Once again, what used to be science fiction has turned into reality, Boss said in a statement quoted by CNet.
People who worked on the Star Wars films were impressed, too. Again and again, we see that the science is stranger and cooler than fiction, John Knoll, the visual effects supervisor for three of the six Star Wars films, told The Wall Street Journal.
Aside from the geeky shock of finding a planet that resembles something from Star Wars, the discovery is exceptional in a scientific sense because planets that orbit binary stars would normally be very unstable.
When you have a binary star with planets orbiting that, the binary star produces gravitational perturbations that can be very severe for planets, Greg Laughlin, an astronomer at the University of California, Santa Cruz, told CNet. Planets can get tossed out of the system or tossed into one of the stars.
But Kepler-16b seems to be stable, probably because it is so far from the stars it orbits that it effectively is feeling them as a single gravitational attraction, Laughlin said.
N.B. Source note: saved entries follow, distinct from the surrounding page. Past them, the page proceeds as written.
(* Suppose $\Xi\in\mathcal{M}_p^{C,\kappa}(\underline{\mathcal{U}})$ for some $C\in(0,\infty)$ and $\kappa\in(0,1)$. Then for every $x\in\mathcal{X}$, $\sum_{t\le-1}w_t\,\mathbb{E}_{\mathbf{U}\sim\Xi}[d_{\mathcal{X}}(f(x,U_t),x)^p]<\infty$.
   Context: $p\in[1,\infty)$ fixed; $\mathbb{Z}_-=\{\dots,-2,-1\}$. Spaces carry Borel $\sigma$-algebras and products carry product topologies; $P(\mathcal{Y})$ denotes Borel probability measures, $P_p(\mathcal{Y})$ those with finite $p$-th moment for a metric space. $\mathcal{Z},\mathcal{U}$ Polish; $(\mathcal{X},d_{\mathcal{X}})$ Polish with complete metric; $f:\mathcal{X}\times\mathcal{U}\to\mathcal{X}$ continuous. $\underline{\mathcal{Z}}=\mathcal{Z}^{\mathbb{Z}_-}$ (product topology); $V:\underline{\mathcal{Z}}\to\mathcal{U}^{\mathbb{Z}_-}$ continuous and causal (if $z_s=z'_s$ for all $s\le t$ then $V(\mathbf{z})_t=V(\mathbf{z}')_t$); $\underline{\mathcal{U}}=V(\underline{\mathcal{Z}})$ Polish with a metric $d_{\underline{\mathcal{U}}}$ inducing its topology. $\mathbf{w}=(w_t)_{t\le-1}\subseteq(0,1)$ monotone, $\sum_tw_t=1$, $\sup_{n\ge1}(\sup_tw_t/w_{t-n})^{1/n}<\infty$. Fix $x_*\in\mathcal{X}$. $\Theta\in P(\underline{\mathcal{Z}})$ has $\kappa$-contractive marginals if for $\mathbf{Z}\sim\Theta$, a.s. for all $x_1,x_2\in\mathcal{X}$, $t\le-1$: $\mathbb{E}[d_{\mathcal{X}}(f(x_1,V(\mathbf{Z})_t),f(x_2,V(\mathbf{Z})_t))^p\mid(Z_s)_{s\le t-1}]\le\kappa d_{\mathcal{X}}(x_1,x_2)^p$. $\Xi\in P(\underline{\mathcal{U}})$ is $C$-bounded if $\sum_tw_t\mathbb{E}_{\mathbf{U}\sim\Xi}[d_{\mathcal{X}}(f(x_*,U_t),x_* )^p]\le C$. $\mathcal{M}_p^{C,\kappa}(\underline{\mathcal{U}})$: the $C$-bounded $\Xi\in P_p(\underline{\mathcal{U}})$ with $\Xi=V_*\Theta$ for some $\Theta\in P(\underline{\mathcal{Z}})$ with independent coordinates and $\kappa$-contractive marginals. *)

theory Defs
  imports "HOL-Analysis.Analysis" "HOL-Probability.Probability"
begin

text \<open>Time convention: the index set Z_- = {..., -2, -1} is encoded by nat,
  with n :: nat standing for the time t = -1 - n.  So sequences indexed by
  Z_- are functions nat => _, "s <= t" corresponds to "m >= n", and
  w_{t-k} corresponds to w (n + k).\<close>

definition causal :: "((nat \<Rightarrow> 'z) \<Rightarrow> (nat \<Rightarrow> 'u)) \<Rightarrow> bool" where
  "causal V \<longleftrightarrow> (\<forall>z z' n. (\<forall>m\<ge>n. z m = z' m) \<longrightarrow> V z n = V z' n)"

definition admissible_weights :: "(nat \<Rightarrow> real) \<Rightarrow> bool" where
  "admissible_weights w \<longleftrightarrow>
     (\<forall>n. 0 < w n \<and> w n < 1) \<and> (mono w \<or> antimono w) \<and> w sums 1 \<and>
     (\<exists>B. \<forall>k\<ge>1. bdd_above (range (\<lambda>n. w n / w (n + k))) \<and>
                 (SUP n. w n / w (n + k)) powr (1 / real k) \<le> B)"

text \<open>The sigma-algebra generated by the past (Z_s)_{s <= t-1}, where t = -1-n;
  i.e. generated by the coordinates m with m > n.\<close>
definition past_algebra :: "(nat \<Rightarrow> 'z::topological_space) measure \<Rightarrow> nat \<Rightarrow> (nat \<Rightarrow> 'z) measure" where
  "past_algebra \<Theta> n =
     sigma (space \<Theta>) {{z \<in> space \<Theta>. z m \<in> A} | m A. n < m \<and> A \<in> sets borel}"

definition kappa_contractive_marginals ::
  "real \<Rightarrow> real \<Rightarrow> ('x::metric_space \<times> 'u \<Rightarrow> 'x) \<Rightarrow> ((nat \<Rightarrow> 'z::topological_space) \<Rightarrow> (nat \<Rightarrow> 'u))
    \<Rightarrow> (nat \<Rightarrow> 'z) measure \<Rightarrow> bool" where
  "kappa_contractive_marginals p \<kappa> f V \<Theta> \<longleftrightarrow>
     (\<forall>x1 x2 n. AE z in \<Theta>.
        nn_cond_exp \<Theta> (past_algebra \<Theta> n)
          (\<lambda>z. ennreal (dist (f (x1, V z n)) (f (x2, V z n)) powr p)) z
        \<le> ennreal (\<kappa> * dist x1 x2 powr p))"

definition C_bounded ::
  "real \<Rightarrow> (nat \<Rightarrow> real) \<Rightarrow> ('x::metric_space \<times> 'u \<Rightarrow> 'x) \<Rightarrow> 'x \<Rightarrow> real \<Rightarrow> (nat \<Rightarrow> 'u) measure \<Rightarrow> bool" where
  "C_bounded p w f xs C \<Xi> \<longleftrightarrow>
     (\<Sum>n. ennreal (w n) * (\<integral>\<^sup>+ u. ennreal (dist (f (xs, u n)) xs powr p) \<partial>\<Xi>)) \<le> ennreal C"

definition in_P_p ::
  "real \<Rightarrow> (nat \<Rightarrow> 'u::topological_space) set \<Rightarrow> ((nat \<Rightarrow> 'u) \<Rightarrow> (nat \<Rightarrow> 'u) \<Rightarrow> real)
    \<Rightarrow> (nat \<Rightarrow> 'u) measure \<Rightarrow> bool" where
  "in_P_p p Uu dU \<Xi> \<longleftrightarrow>
     prob_space \<Xi> \<and> sets \<Xi> = sets (restrict_space borel Uu) \<and>
     (\<exists>u0\<in>Uu. (\<integral>\<^sup>+ u. ennreal (dU u u0 powr p) \<partial>\<Xi>) < \<infinity>)"

definition in_M_p ::
  "real \<Rightarrow> real \<Rightarrow> real \<Rightarrow> (nat \<Rightarrow> real) \<Rightarrow> ('x::metric_space \<times> 'u::topological_space \<Rightarrow> 'x) \<Rightarrow> 'x
    \<Rightarrow> ((nat \<Rightarrow> 'z::topological_space) \<Rightarrow> (nat \<Rightarrow> 'u)) \<Rightarrow> (nat \<Rightarrow> 'u) set
    \<Rightarrow> ((nat \<Rightarrow> 'u) \<Rightarrow> (nat \<Rightarrow> 'u) \<Rightarrow> real) \<Rightarrow> (nat \<Rightarrow> 'u) measure \<Rightarrow> bool" where
  "in_M_p p C \<kappa> w f xs V Uu dU \<Xi> \<longleftrightarrow>
     C_bounded p w f xs C \<Xi> \<and> in_P_p p Uu dU \<Xi> \<and>
     (\<exists>\<Theta>. prob_space \<Theta> \<and> sets \<Theta> = sets (borel :: (nat \<Rightarrow> 'z) measure) \<and>
          prob_space.indep_vars \<Theta> (\<lambda>_. borel) (\<lambda>n z. z n) UNIV \<and>
          kappa_contractive_marginals p \<kappa> f V \<Theta> \<and>
          \<Xi> = distr \<Theta> (restrict_space borel Uu) V)"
Lead author Doyle, who is a researcher at the SETI Institute's Carl Sagan Center for the Study of Life in the Universe, explained the excitement another way.
This is an example of another planetary system, a completely different type that we've never seen before. That's why everyone's making a big deal out of it. Nobody's ever seen a place like this before, he told CNet. Then he added cheekily, With one exception -- I seem to remember seeing a place like this about 30 years ago in a galaxy far, far away.